lemma Gamma_contains_bounded_multiple:
  fixes X :: "(real^'n) set"
  assumes "independent X" "span X = UNIV" "X \<subseteq> lattice" "(\<Sum>b\<in>X. norm b) \<le> R" "z \<in> lattice"
  obtains k :: nat
  where "1 \<le> k" "k \<le> card (lattice \<inter> cball (0::real^'n) R)" "real k *\<^sub>R z \<in> Gamma X"
proof -
  define F where "F = lattice \<inter> cball (0::real^'n) R"
  have "\<exists>g. g \<in> Gamma X \<and> real k *\<^sub>R z - g \<in> F" for k :: nat
  proof -
    have "real k *\<^sub>R z \<in> lattice" using assms(5) by (simp add: lattice_scaleR)
    then obtain g where "g \<in> Gamma X" "real k *\<^sub>R z - g \<in> lattice \<inter> cball 0 (\<Sum>b\<in>X. norm b)"
      using lattice_mod_Gamma_small[OF assms(1-3)] by blast
    then show ?thesis using assms(4) by (auto simp: F_def)
  qed
  then obtain g where g: "\<forall>k. g k \<in> Gamma X \<and> real k *\<^sub>R z - g k \<in> F"
    using choice[of "\<lambda>k g. g \<in> Gamma X \<and> real k *\<^sub>R z - g \<in> F"] by blast
  \<comment> \<open>pigeonhole: the remainders of \<open>0, z, \<dots>, card F * z\<close> modulo \<open>Gamma X\<close> all lie in \<open>F\<close>\<close>
  define f where "f k = real k *\<^sub>R z - g k" for k
  have "f ` {0..card F} \<subseteq> F" using g by (auto simp: f_def)
  then have "\<not> inj_on f {0..card F}"
    using card_inj_on_le[of f "{0..card F}" F] finite_lattice_Int_cball by (force simp: F_def)
  then obtain i j where "i \<le> card F" "j \<le> card F" "i \<noteq> j" "f i = f j"
    unfolding inj_on_def by auto
  then have "min i j < max i j" "max i j \<le> card F" "f (min i j) = f (max i j)"
    by (auto simp: min_def max_def)
  then obtain i j where ij: "i < j" "j \<le> card F" "f i = f j" by blast
  have "real (j - i) *\<^sub>R z = g j - g i"
    using ij by (simp add: f_def of_nat_diff algebra_simps)
  then have "real (j - i) *\<^sub>R z \<in> Gamma X" using g by (simp add: Gamma_diff)
  then show ?thesis using ij by (intro that[of "j - i"]) (auto simp: F_def)
qed

lemma fact_scaleR_lattice_in_Gamma:
  fixes X :: "(real^'n) set"
  assumes "independent X" "span X = UNIV" "X \<subseteq> lattice" "(\<Sum>b\<in>X. norm b) \<le> R" "z \<in> lattice"
  shows "real (fact (card (lattice \<inter> cball (0::real^'n) R))) *\<^sub>R z \<in> Gamma X"
proof -
  obtain k :: nat where k: "1 \<le> k" "k \<le> card (lattice \<inter> cball (0::real^'n) R)" "real k *\<^sub>R z \<in> Gamma X"
    using Gamma_contains_bounded_multiple[OF assms] .
  then have "k dvd fact (card (lattice \<inter> cball (0::real^'n) R))" by (intro dvd_fact)
  then obtain m where m: "fact (card (lattice \<inter> cball (0::real^'n) R)) = k * m" by (rule dvdE)
  have "real (fact (card (lattice \<inter> cball (0::real^'n) R))) *\<^sub>R z = of_int (int m) *\<^sub>R (real k *\<^sub>R z)"
    unfolding m by simp
  then show ?thesis by (simp only:) (rule Gamma_scaleR_int[OF k(3)])
qed

lemma f_gens_common_multiple_in_Gamma:
  fixes C :: "(real^'n) set"
  assumes "is_cone C"
  obtains N :: nat where "N > 0" "\<And>X z. f_gens C X \<Longrightarrow> z \<in> lattice \<Longrightarrow> real N *\<^sub>R z \<in> Gamma X"
proof
  let ?R = "\<Sum>b\<in>Hilb C. norm b"
  show "fact (card (lattice \<inter> cball (0::real^'n) ?R)) > (0::nat)" by simp
  fix X and z :: "real^'n" assume "f_gens C X" "z \<in> lattice"
  moreover have "(\<Sum>b\<in>X. norm b) \<le> ?R"
    using f_gensD(4)[OF \<open>f_gens C X\<close>] by (intro sum_mono2 finite_Hilb assms) auto
  ultimately show "real (fact (card (lattice \<inter> cball (0::real^'n) ?R))) *\<^sub>R z \<in> Gamma X"
    using fact_scaleR_lattice_in_Gamma f_gensD by blast
qed
(* Let $A,B\subseteq\mathbb{N}$ with $A\cap B=\emptyset$. Then $$\underline{\underline{d}}(A)+\underline{\underline{d}}(B)\le\underline{\underline{d}}(A\cup B)\le\underline{\underline{d}}(A)+\overline{\overline{d}}(B)\le\overline{\overline{d}}(A\cup B)\le\overline{\overline{d}}(A)+\overline{\overline{d}}(B).$$ If moreover $A\cup B\in\mathcal{D}$, then $d(A\cup B)=\underline{\underline{d}}(A)+\overline{\overline{d}}(B)$. If $A\in\mathcal{D}$ (and $A\cap B=\emptyset$), then $\overline{\overline{d}}(A\cup B)=d(A)+\overline{\overline{d}}(B)$.
   Context: $\mathbb{N}=\{1,2,3,\dots\}$. For $A\subseteq\mathbb{N}$ let $A(n)=|A\cap[1,n]|$. Let $\mathcal{D}$ be the collection of all $A\subseteq\mathbb{N}$ for which the asymptotic density $d(A)=\lim_{n\to\infty}\frac{A(n)}{n}$ exists. Define $\underline{\underline{d}}(A)=\sup\{d(B);\ B\subseteq A,\ B\in\mathcal{D}\}$ and $\overline{\overline{d}}(A)=\inf\{d(C);\ C\supseteq A,\ C\in\mathcal{D}\}$. *)

theory Defs
  imports "HOL-Analysis.Analysis"
begin

text \<open>Subsets of the positive integers N = {1,2,3,...} are modelled as sets of nat
  contained in {1..}.\<close>

definition counting :: "nat set \<Rightarrow> nat \<Rightarrow> nat" where
  "counting A n = card (A \<inter> {1..n})"

definition has_density :: "nat set \<Rightarrow> real \<Rightarrow> bool" where
  "has_density A a \<longleftrightarrow> ((\<lambda>n. real (counting A n) / real n) \<longlonglongrightarrow> a)"

definition density_sets :: "nat set set" where
  "density_sets = {A. A \<subseteq> {1..} \<and> (\<exists>a. has_density A a)}"

definition density :: "nat set \<Rightarrow> real" where
  "density A = lim (\<lambda>n. real (counting A n) / real n)"

definition lower_ddens :: "nat set \<Rightarrow> real" where
  "lower_ddens A = Sup {density B | B. B \<subseteq> A \<and> B \<in> density_sets}"

definition upper_ddens :: "nat set \<Rightarrow> real" where
  "upper_ddens A = Inf {density C | C. A \<subseteq> C \<and> C \<in> density_sets}"

end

• • • • • • •

Would you output the entire listing exactly as written?

lemma Gamma_contains_bounded_multiple:
  fixes X :: "(real^'n) set"
  assumes "independent X" "span X = UNIV" "X \<subseteq> lattice" "(\<Sum>b\<in>X. norm b) \<le> R" "z \<in> lattice"
  obtains k :: nat
  where "1 \<le> k" "k \<le> card (lattice \<inter> cball (0::real^'n) R)" "real k *\<^sub>R z \<in> Gamma X"
proof -
  define F where "F = lattice \<inter> cball (0::real^'n) R"
  have "\<exists>g. g \<in> Gamma X \<and> real k *\<^sub>R z - g \<in> F" for k :: nat
  proof -
    have "real k *\<^sub>R z \<in> lattice" using assms(5) by (simp add: lattice_scaleR)
    then obtain g where "g \<in> Gamma X" "real k *\<^sub>R z - g \<in> lattice \<inter> cball 0 (\<Sum>b\<in>X. norm b)"
      using lattice_mod_Gamma_small[OF assms(1-3)] by blast
    then show ?thesis using assms(4) by (auto simp: F_def)
  qed
  then obtain g where g: "\<forall>k. g k \<in> Gamma X \<and> real k *\<^sub>R z - g k \<in> F"
    using choice[of "\<lambda>k g. g \<in> Gamma X \<and> real k *\<^sub>R z - g \<in> F"] by blast
  \<comment> \<open>pigeonhole: the remainders of \<open>0, z, \<dots>, card F * z\<close> modulo \<open>Gamma X\<close> all lie in \<open>F\<close>\<close>
  define f where "f k = real k *\<^sub>R z - g k" for k
  have "f ` {0..card F} \<subseteq> F" using g by (auto simp: f_def)
  then have "\<not> inj_on f {0..card F}"
    using card_inj_on_le[of f "{0..card F}" F] finite_lattice_Int_cball by (force simp: F_def)
  then obtain i j where "i \<le> card F" "j \<le> card F" "i \<noteq> j" "f i = f j"
    unfolding inj_on_def by auto
  then have "min i j < max i j" "max i j \<le> card F" "f (min i j) = f (max i j)"
    by (auto simp: min_def max_def)
  then obtain i j where ij: "i < j" "j \<le> card F" "f i = f j" by blast
  have "real (j - i) *\<^sub>R z = g j - g i"
    using ij by (simp add: f_def of_nat_diff algebra_simps)
  then have "real (j - i) *\<^sub>R z \<in> Gamma X" using g by (simp add: Gamma_diff)
  then show ?thesis using ij by (intro that[of "j - i"]) (auto simp: F_def)
qed

lemma fact_scaleR_lattice_in_Gamma:
  fixes X :: "(real^'n) set"
  assumes "independent X" "span X = UNIV" "X \<subseteq> lattice" "(\<Sum>b\<in>X. norm b) \<le> R" "z \<in> lattice"
  shows "real (fact (card (lattice \<inter> cball (0::real^'n) R))) *\<^sub>R z \<in> Gamma X"
proof -
  obtain k :: nat where k: "1 \<le> k" "k \<le> card (lattice \<inter> cball (0::real^'n) R)" "real k *\<^sub>R z \<in> Gamma X"
    using Gamma_contains_bounded_multiple[OF assms] .
  then have "k dvd fact (card (lattice \<inter> cball (0::real^'n) R))" by (intro dvd_fact)
  then obtain m where m: "fact (card (lattice \<inter> cball (0::real^'n) R)) = k * m" by (rule dvdE)
  have "real (fact (card (lattice \<inter> cball (0::real^'n) R))) *\<^sub>R z = of_int (int m) *\<^sub>R (real k *\<^sub>R z)"
    unfolding m by simp
  then show ?thesis by (simp only:) (rule Gamma_scaleR_int[OF k(3)])
qed

lemma f_gens_common_multiple_in_Gamma:
  fixes C :: "(real^'n) set"
  assumes "is_cone C"
  obtains N :: nat where "N > 0" "\<And>X z. f_gens C X \<Longrightarrow> z \<in> lattice \<Longrightarrow> real N *\<^sub>R z \<in> Gamma X"
proof
  let ?R = "\<Sum>b\<in>Hilb C. norm b"
  show "fact (card (lattice \<inter> cball (0::real^'n) ?R)) > (0::nat)" by simp
  fix X and z :: "real^'n" assume "f_gens C X" "z \<in> lattice"
  moreover have "(\<Sum>b\<in>X. norm b) \<le> ?R"
    using f_gensD(4)[OF \<open>f_gens C X\<close>] by (intro sum_mono2 finite_Hilb assms) auto
  ultimately show "real (fact (card (lattice \<inter> cball (0::real^'n) ?R))) *\<^sub>R z \<in> Gamma X"
    using fact_scaleR_lattice_in_Gamma f_gensD by blast
qed
(* Let $A,B\subseteq\mathbb{N}$ with $A\cap B=\emptyset$. Then $$\underline{\underline{d}}(A)+\underline{\underline{d}}(B)\le\underline{\underline{d}}(A\cup B)\le\underline{\underline{d}}(A)+\overline{\overline{d}}(B)\le\overline{\overline{d}}(A\cup B)\le\overline{\overline{d}}(A)+\overline{\overline{d}}(B).$$ If moreover $A\cup B\in\mathcal{D}$, then $d(A\cup B)=\underline{\underline{d}}(A)+\overline{\overline{d}}(B)$. If $A\in\mathcal{D}$ (and $A\cap B=\emptyset$), then $\overline{\overline{d}}(A\cup B)=d(A)+\overline{\overline{d}}(B)$.
   Context: $\mathbb{N}=\{1,2,3,\dots\}$. For $A\subseteq\mathbb{N}$ let $A(n)=|A\cap[1,n]|$. Let $\mathcal{D}$ be the collection of all $A\subseteq\mathbb{N}$ for which the asymptotic density $d(A)=\lim_{n\to\infty}\frac{A(n)}{n}$ exists. Define $\underline{\underline{d}}(A)=\sup\{d(B);\ B\subseteq A,\ B\in\mathcal{D}\}$ and $\overline{\overline{d}}(A)=\inf\{d(C);\ C\supseteq A,\ C\in\mathcal{D}\}$. *)

theory Defs
  imports "HOL-Analysis.Analysis"
begin

text \<open>Subsets of the positive integers N = {1,2,3,...} are modelled as sets of nat
  contained in {1..}.\<close>

definition counting :: "nat set \<Rightarrow> nat \<Rightarrow> nat" where
  "counting A n = card (A \<inter> {1..n})"

definition has_density :: "nat set \<Rightarrow> real \<Rightarrow> bool" where
  "has_density A a \<longleftrightarrow> ((\<lambda>n. real (counting A n) / real n) \<longlonglongrightarrow> a)"

definition density_sets :: "nat set set" where
  "density_sets = {A. A \<subseteq> {1..} \<and> (\<exists>a. has_density A a)}"

definition density :: "nat set \<Rightarrow> real" where
  "density A = lim (\<lambda>n. real (counting A n) / real n)"

definition lower_ddens :: "nat set \<Rightarrow> real" where
  "lower_ddens A = Sup {density B | B. B \<subseteq> A \<and> B \<in> density_sets}"

definition upper_ddens :: "nat set \<Rightarrow> real" where
  "upper_ddens A = Inf {density C | C. A \<subseteq> C \<and> C \<in> density_sets}"

end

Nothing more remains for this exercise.